• [Records for this exercise]

(* Let $N=2$, $\alpha>1$, and $H_\alpha=\frac{1}{\alpha}\begin{pmatrix}1&\alpha-1\\1&\alpha-1\end{pmatrix}$. Then $$\tau_t(H_\alpha)\longrightarrow\frac{\alpha^2}{2+2(\alpha-1)^2}\qquad\text{as }t\to\infty.$$
   Context: Let $X$ be a square-integrable real random variable with $\mathbb E X=\theta$ and $\mathrm{Var}(X)=\sigma^2>0$. Let $N=2$. For $i\in\{1,2\}$ and $t\geq 1$ let $X_t^{(i)}$ be random variables distributed as $X$, mutually independent over both $i$ and $t$, and write $\mathbf X_t=(X_t^{(1)},X_t^{(2)})^\top$. For a $2\times2$ stochastic matrix $A$ define $\hat{\boldsymbol\theta}_1=\mathbf X_1$ and $\hat{\boldsymbol\theta}_{t+1}=\frac{t}{t+1}A\hat{\boldsymbol\theta}_t+\frac{1}{t+1}\mathbf X_{t+1}$ for $t\geq 1$. Let $\bar{\mathbb X}_{2t}=\frac{1}{2t}\sum_{i=1}^2\sum_{k=1}^t X_k^{(i)}$, $\mathbf 1=(1,1)^\top$, $\|\cdot\|$ the Euclidean norm, and $\tau_t(A)=\dfrac{\mathbb E\|(\bar{\mathbb X}_{2t}-\theta)\mathbf 1\|^2}{\mathbb E\|\hat{\boldsymbol\theta}_t-\theta\mathbf 1\|^2}$. *)

theory Defs
  imports "HOL-Probability.Probability"
begin

text \<open>The recursive estimator: Xv t is the random vector X_t = (X_t^(1), X_t^(2)),
  indexed by t \<ge> 1 (the value at t = 0 is irrelevant).\<close>
fun theta_hat :: "real^2^2 \<Rightarrow> (nat \<Rightarrow> 'a \<Rightarrow> real^2) \<Rightarrow> nat \<Rightarrow> 'a \<Rightarrow> real^2" where
  "theta_hat A Xv 0 \<omega> = 0"
| "theta_hat A Xv (Suc 0) \<omega> = Xv 1 \<omega>"
| "theta_hat A Xv (Suc (Suc t)) \<omega> =
     (real (Suc t) / real (Suc (Suc t))) *\<^sub>R (A *v theta_hat A Xv (Suc t) \<omega>)
     + (1 / real (Suc (Suc t))) *\<^sub>R Xv (Suc (Suc t)) \<omega>"

definition pooled_mean :: "(nat \<Rightarrow> 'a \<Rightarrow> real^2) \<Rightarrow> nat \<Rightarrow> 'a \<Rightarrow> real" where
  "pooled_mean Xv t \<omega> = (1 / (2 * real t)) * (\<Sum>i\<in>UNIV. \<Sum>k=1..t. Xv k \<omega> $ i)"

definition ones2 :: "real^2" where
  "ones2 = (\<chi> i. 1)"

• [Problem] All lines in the records above that contain "real" are to be reported.

• [Exercise solution]
   Context: Let $X$ be a square-integrable real random variable with $\mathbb E X=\theta$ and $\mathrm{Var}(X)=\sigma^2>0$. Let $N=2$. For $i\in\{1,2\}$ and $t\geq 1$ let $X_t^{(i)}$ be random variables distributed as $X$, mutually independent over both $i$ and $t$, and write $\mathbf X_t=(X_t^{(1)},X_t^{(2)})^\top$. For a $2\times2$ stochastic matrix $A$ define $\hat{\boldsymbol\theta}_1=\mathbf X_1$ and $\hat{\boldsymbol\theta}_{t+1}=\frac{t}{t+1}A\hat{\boldsymbol\theta}_t+\frac{1}{t+1}\mathbf X_{t+1}$ for $t\geq 1$. Let $\bar{\mathbb X}_{2t}=\frac{1}{2t}\sum_{i=1}^2\sum_{k=1}^t X_k^{(i)}$, $\mathbf 1=(1,1)^\top$, $\|\cdot\|$ the Euclidean norm, and $\tau_t(A)=\dfrac{\mathbb E\|(\bar{\mathbb X}_{2t}-\theta)\mathbf 1\|^2}{\mathbb E\|\hat{\boldsymbol\theta}_t-\theta\mathbf 1\|^2}$. *)
fun theta_hat :: "real^2^2 \<Rightarrow> (nat \<Rightarrow> 'a \<Rightarrow> real^2) \<Rightarrow> nat \<Rightarrow> 'a \<Rightarrow> real^2" where
     (real (Suc t) / real (Suc (Suc t))) *\<^sub>R (A *v theta_hat A Xv (Suc t) \<omega>)
     + (1 / real (Suc (Suc t))) *\<^sub>R Xv (Suc (Suc t)) \<omega>"
definition pooled_mean :: "(nat \<Rightarrow> 'a \<Rightarrow> real^2) \<Rightarrow> nat \<Rightarrow> 'a \<Rightarrow> real" where
  "pooled_mean Xv t \<omega> = (1 / (2 * real t)) * (\<Sum>i\<in>UNIV. \<Sum>k=1..t. Xv k \<omega> $ i)"
definition ones2 :: "real^2" where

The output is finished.